Fry the rabbit meat, lightly pass the vegetables. In a deep coop or a cauldron, lay layers of meat, vegetables, prunes.Pour all over the broth and simmer 1, 5 hours until the meat is ready. Add sour cream, a little tomato and cook the dish for another 30 minutes. Serve the finished rabbit with prunes with brown rice, lentils, beans or boiled potatoes.

Soak prunes before cooking in boiling water for 15-20 minutes. Do not pour out the water in which the fruit was soaked, but add it to the sauce, where rabbit meat will be stewed.

In sour cream and honey sauce

To diversify the diet, and at the same time surprise the guests, a rabbit stewed in sour cream and honey will help. This is a surprisingly delicate dish, where the sweetness of honey completely goes into sour cream, adding piquancy to the sauce.

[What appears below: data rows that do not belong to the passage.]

(* Let $\Omega\subseteq\mathbb{R}^n$ be open. A function $f\in\mathbb{A}(\Omega)$ is D-continuous if and only if $G(f)=f$, where $G(f)=[I(S(I(f))),S(I(S(f)))]$.
   Context: $\overline{\mathbb{R}}=\mathbb{R}\cup\{\pm\infty\}$, $\mathbb{I}\overline{\mathbb{R}}$ is the set of closed intervals $[\underline a,\overline a]$ with $\underline a\le\overline a$ in $\overline{\mathbb{R}}$, $a\in\overline{\mathbb{R}}$ identified with $[a,a]$. $\mathbb{A}(X)$ is the set of functions $X\to\mathbb{I}\overline{\mathbb{R}}$. $B_\delta(x)=\{y\in\Omega:\|x-y\|<\delta\}$. For dense $D\subseteq\Omega$ and $f\in\mathbb{A}(D)$: $I(D,\Omega,f)(x)=\sup_{\delta>0}\inf\{z\in f(y):y\in B_\delta(x)\cap D\}$, $S(D,\Omega,f)(x)=\inf_{\delta>0}\sup\{z\in f(y):y\in B_\delta(x)\cap D\}$, $F(D,\Omega,f)(x)=[I(D,\Omega,f)(x),S(D,\Omega,f)(x)]$; when $D=\Omega$ write $I(f),S(f)$. $f\in\mathbb{A}(\Omega)$ is D-continuous if $F(D,\Omega,f)=f$ for every dense subset $D$ of $\Omega$ (using the restriction of $f$ to $D$). *)

theory Defs
  imports "HOL-Analysis.Analysis"
begin

text \<open>An interval [a,b] in the extended reals is represented by the pair (a,b) with a \<le> b;
  a value a is identified with (a,a).\<close>

definition interval_fun :: "'a set \<Rightarrow> ('a \<Rightarrow> ereal \<times> ereal) \<Rightarrow> bool" where
  "interval_fun \<Omega> f \<longleftrightarrow> (\<forall>x\<in>\<Omega>. fst (f x) \<le> snd (f x))"

definition degen :: "('a \<Rightarrow> ereal) \<Rightarrow> 'a \<Rightarrow> ereal \<times> ereal" where
  "degen g = (\<lambda>x. (g x, g x))"

definition Bdelta :: "'a::metric_space set \<Rightarrow> real \<Rightarrow> 'a \<Rightarrow> 'a set" where
  "Bdelta \<Omega> \<delta> x = {y\<in>\<Omega>. dist x y < \<delta>}"

definition lowerF :: "'a::metric_space set \<Rightarrow> 'a set \<Rightarrow> ('a \<Rightarrow> ereal \<times> ereal) \<Rightarrow> 'a \<Rightarrow> ereal" where
  "lowerF D \<Omega> f x = (SUP \<delta>\<in>{0<..}. Inf {z. \<exists>y\<in>Bdelta \<Omega> \<delta> x \<inter> D. fst (f y) \<le> z \<and> z \<le> snd (f y)})"

definition upperF :: "'a::metric_space set \<Rightarrow> 'a set \<Rightarrow> ('a \<Rightarrow> ereal \<times> ereal) \<Rightarrow> 'a \<Rightarrow> ereal" where
  "upperF D \<Omega> f x = (INF \<delta>\<in>{0<..}. Sup {z. \<exists>y\<in>Bdelta \<Omega> \<delta> x \<inter> D. fst (f y) \<le> z \<and> z \<le> snd (f y)})"

definition FF :: "'a::metric_space set \<Rightarrow> 'a set \<Rightarrow> ('a \<Rightarrow> ereal \<times> ereal) \<Rightarrow> 'a \<Rightarrow> ereal \<times> ereal" where
  "FF D \<Omega> f x = (lowerF D \<Omega> f x, upperF D \<Omega> f x)"

definition dense_subset :: "'a::topological_space set \<Rightarrow> 'a set \<Rightarrow> bool" where
  "dense_subset D \<Omega> \<longleftrightarrow> D \<subseteq> \<Omega> \<and> \<Omega> \<subseteq> closure D"

definition D_continuous :: "'a::metric_space set \<Rightarrow> ('a \<Rightarrow> ereal \<times> ereal) \<Rightarrow> bool" where
  "D_continuous \<Omega> f \<longleftrightarrow> (\<forall>D. dense_subset D \<Omega> \<longrightarrow> (\<forall>x\<in>\<Omega>. FF D \<Omega> f x = f x))"

definition GG :: "'a::metric_space set \<Rightarrow> ('a \<Rightarrow> ereal \<times> ereal) \<Rightarrow> 'a \<Rightarrow> ereal \<times> ereal" where
  "GG \<Omega> f x =
     (lowerF \<Omega> \<Omega> (degen (upperF \<Omega> \<Omega> (degen (lowerF \<Omega> \<Omega> f)))) x,
      upperF \<Omega> \<Omega> (degen (lowerF \<Omega> \<Omega> (degen (upperF \<Omega> \<Omega> f)))) x)"

end

(*
  On an interval function f = [f1, f2], the operator F(D, Omega, -) acts on the endpoints
  separately, as the lower envelope I_D f1 and the upper envelope S_D f2; so it suffices to
  show, for a single extended-real function g, that I_D g = g for every dense D iff
  I(S(I g)) = g (the upper endpoint follows by the duality S g = - I(-g)).
  The key identity is that the supremum of I_D g over all dense D is I(S g): on one side,
  a dense D meets every ball, so the values of g on D bound S g from below; on the other,
  if S g > c on a ball around x, the points of that ball where g <= c have empty interior,
  so removing them leaves a dense D on which I_D g(x) >= c. Since I_Omega g = g forces
  S(I g) = S g, and I is idempotent, both directions follow.
*)

theory Submission
  imports Defs
begin

definition lower_baire :: "'a::metric_space set \<Rightarrow> 'a set \<Rightarrow> ('a \<Rightarrow> ereal) \<Rightarrow> 'a \<Rightarrow> ereal" where
  "lower_baire D \<Omega> g x = (SUP \<delta>\<in>{0<..}. INF y\<in>Bdelta \<Omega> \<delta> x \<inter> D. g y)"

definition upper_baire :: "'a::metric_space set \<Rightarrow> 'a set \<Rightarrow> ('a \<Rightarrow> ereal) \<Rightarrow> 'a \<Rightarrow> ereal" where
  "upper_baire D \<Omega> g x = (INF \<delta>\<in>{0<..}. SUP y\<in>Bdelta \<Omega> \<delta> x \<inter> D. g y)"

lemma Inf_union_of_intervals:
  fixes a b :: "'b \<Rightarrow> 'c::complete_linorder"
  assumes "\<And>y. y \<in> S \<Longrightarrow> a y \<le> b y"
  shows "Inf {z. \<exists>y\<in>S. a y \<le> z \<and> z \<le> b y} = (INF y\<in>S. a y)"
proof (rule antisym)
  show "Inf {z. \<exists>y\<in>S. a y \<le> z \<and> z \<le> b y} \<le> (INF y\<in>S. a y)"
  proof (rule INF_greatest)
    fix y assume "y \<in> S"
    with assms show "Inf {z. \<exists>y\<in>S. a y \<le> z \<and> z \<le> b y} \<le> a y"
      by (intro Inf_lower) auto
  qed
qed (auto intro!: Inf_greatest INF_lower2)

lemma Sup_union_of_intervals:
  fixes a b :: "'b \<Rightarrow> 'c::complete_linorder"
  assumes "\<And>y. y \<in> S \<Longrightarrow> a y \<le> b y"
  shows "Sup {z. \<exists>y\<in>S. a y \<le> z \<and> z \<le> b y} = (SUP y\<in>S. b y)"
proof (rule antisym)
  show "(SUP y\<in>S. b y) \<le> Sup {z. \<exists>y\<in>S. a y \<le> z \<and> z \<le> b y}"
  proof (rule SUP_least)
    fix y assume "y \<in> S"
    with assms show "b y \<le> Sup {z. \<exists>y\<in>S. a y \<le> z \<and> z \<le> b y}"
      by (intro Sup_upper) auto
  qed
qed (auto intro!: Sup_least SUP_upper2)

lemma lowerF_eq_lower_baire:
  assumes "interval_fun \<Omega> f"
  shows "lowerF D \<Omega> f = lower_baire D \<Omega> (\<lambda>y. fst (f y))"
  unfolding lowerF_def lower_baire_def
  using assms by (intro ext SUP_cong refl Inf_union_of_intervals) (auto simp: Bdelta_def interval_fun_def)

lemma upperF_eq_upper_baire:
  assumes "interval_fun \<Omega> f"
  shows "upperF D \<Omega> f = upper_baire D \<Omega> (\<lambda>y. snd (f y))"
  unfolding upperF_def upper_baire_def
  using assms by (intro ext INF_cong refl Sup_union_of_intervals) (auto simp: Bdelta_def interval_fun_def)

lemma lowerF_degen: "lowerF D \<Omega> (degen g) = lower_baire D \<Omega> g"
  by (simp add: lowerF_eq_lower_baire interval_fun_def degen_def)

lemma upperF_degen: "upperF D \<Omega> (degen g) = upper_baire D \<Omega> g"
  by (simp add: upperF_eq_upper_baire interval_fun_def degen_def)

lemma lower_baire_uminus: "lower_baire D \<Omega> (\<lambda>y. - g y) = (\<lambda>x. - upper_baire D \<Omega> g x)"
  unfolding upper_baire_def lower_baire_def by (simp add: ereal_INF_uminus_eq ereal_SUP_uminus_eq)

lemma upper_baire_uminus: "upper_baire D \<Omega> (\<lambda>y. - g y) = (\<lambda>x. - lower_baire D \<Omega> g x)"
  unfolding upper_baire_def lower_baire_def by (simp add: ereal_INF_uminus_eq ereal_SUP_uminus_eq)

lemma less_lower_baire_iff:
  "c < lower_baire D \<Omega> g x \<longleftrightarrow> (\<exists>\<delta>>0. c < (INF y\<in>Bdelta \<Omega> \<delta> x \<inter> D. g y))"
  by (auto simp: lower_baire_def less_SUP_iff)

lemma INF_le_lower_baire:
  "\<delta> > 0 \<Longrightarrow> (INF y\<in>Bdelta \<Omega> \<delta> x \<inter> D. g y) \<le> lower_baire D \<Omega> g x"
  unfolding lower_baire_def by (rule SUP_upper) simp

lemma Bdelta_shrink_subset:
  assumes "y \<in> Bdelta \<Omega> \<delta> x" "\<epsilon> \<le> \<delta> - dist x y"
  shows "Bdelta \<Omega> \<epsilon> y \<subseteq> Bdelta \<Omega> \<delta> x"
proof
  fix z assume "z \<in> Bdelta \<Omega> \<epsilon> y"
  moreover have "dist x z \<le> dist x y + dist y z" by (rule dist_triangle)
  ultimately show "z \<in> Bdelta \<Omega> \<delta> x" using assms by (auto simp: Bdelta_def)
qed

lemma lower_baire_le_self: "x \<in> D \<Longrightarrow> x \<in> \<Omega> \<Longrightarrow> lower_baire D \<Omega> g x \<le> g x"
  unfolding lower_baire_def by (auto intro!: SUP_least INF_lower2 simp: Bdelta_def)

lemma lower_baire_antimono_set: "D \<subseteq> D' \<Longrightarrow> lower_baire D' \<Omega> g x \<le> lower_baire D \<Omega> g x"
  unfolding lower_baire_def by (intro SUP_mono) (auto intro!: INF_superset_mono)

lemma lower_baire_cong:
  "(\<And>y. y \<in> \<Omega> \<Longrightarrow> g y = h y) \<Longrightarrow> lower_baire D \<Omega> g = lower_baire D \<Omega> h"
  unfolding lower_baire_def by (intro ext SUP_cong refl INF_cong) (auto simp: Bdelta_def)

lemma upper_baire_cong:
  "(\<And>y. y \<in> \<Omega> \<Longrightarrow> g y = h y) \<Longrightarrow> upper_baire D \<Omega> g = upper_baire D \<Omega> h"
  unfolding upper_baire_def by (intro ext INF_cong refl SUP_cong) (auto simp: Bdelta_def)

lemma lower_baire_idem:
  assumes "x \<in> \<Omega>"
  shows "lower_baire \<Omega> \<Omega> (lower_baire D \<Omega> k) x = lower_baire D \<Omega> k x"
proof (rule antisym)
  show "lower_baire \<Omega> \<Omega> (lower_baire D \<Omega> k) x \<le> lower_baire D \<Omega> k x"
    by (rule lower_baire_le_self[OF assms assms])
  show "lower_baire D \<Omega> k x \<le> lower_baire \<Omega> \<Omega> (lower_baire D \<Omega> k) x"
  proof (rule dense_le)
    fix c assume "c < lower_baire D \<Omega> k x"
    then obtain \<delta> where "\<delta> > 0" and c: "c < (INF z\<in>Bdelta \<Omega> \<delta> x \<inter> D. k z)"
      unfolding less_lower_baire_iff by blast
    have "c \<le> lower_baire D \<Omega> k y" if y: "y \<in> Bdelta \<Omega> \<delta> x \<inter> \<Omega>" for y
    proof -
      have "(INF z\<in>Bdelta \<Omega> \<delta> x \<inter> D. k z) \<le> (INF z\<in>Bdelta \<Omega> (\<delta> - dist x y) y \<inter> D. k z)"
        using y Bdelta_shrink_subset[of y \<Omega> \<delta> x] by (intro INF_superset_mono) auto
      also have "\<dots> \<le> lower_baire D \<Omega> k y"
        using y by (intro INF_le_lower_baire) (simp add: Bdelta_def)
      finally show ?thesis using c by simp
    qed
    then have "c \<le> (INF y\<in>Bdelta \<Omega> \<delta> x \<inter> \<Omega>. lower_baire D \<Omega> k y)"
      by (rule INF_greatest)
    also have "\<dots> \<le> lower_baire \<Omega> \<Omega> (lower_baire D \<Omega> k) x"
      using \<open>\<delta> > 0\<close> by (rule INF_le_lower_baire)
    finally show "c \<le> lower_baire \<Omega> \<Omega> (lower_baire D \<Omega> k) x" .
  qed
qed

It is better to cook such a rabbit without vegetable passivation: it is superfluous here. The recipe is greatly simplified: the fried rabbit is poured into the broth and stewed until the meat is ready, and half an hour before cooking, put sour cream and two tablespoons of honey in the broth. It is good to season this dish with oregano or thyme - these spices will decorate the dish, giving it a spicy note.

Serve sour cream-honey rabbit meat well with potato croquettes: for this purpose cutlets are formed from mashed potatoes and baked in the oven until a golden crust is formed.

Stewed rabbit in sour cream on the one hand is very simple. But on the other, it claims the right to be called exquisite: after all, few eat rabbit meat daily. Indulge yourself with new dishes, do not be afraid of experiments, and let your loved ones be full and healthy.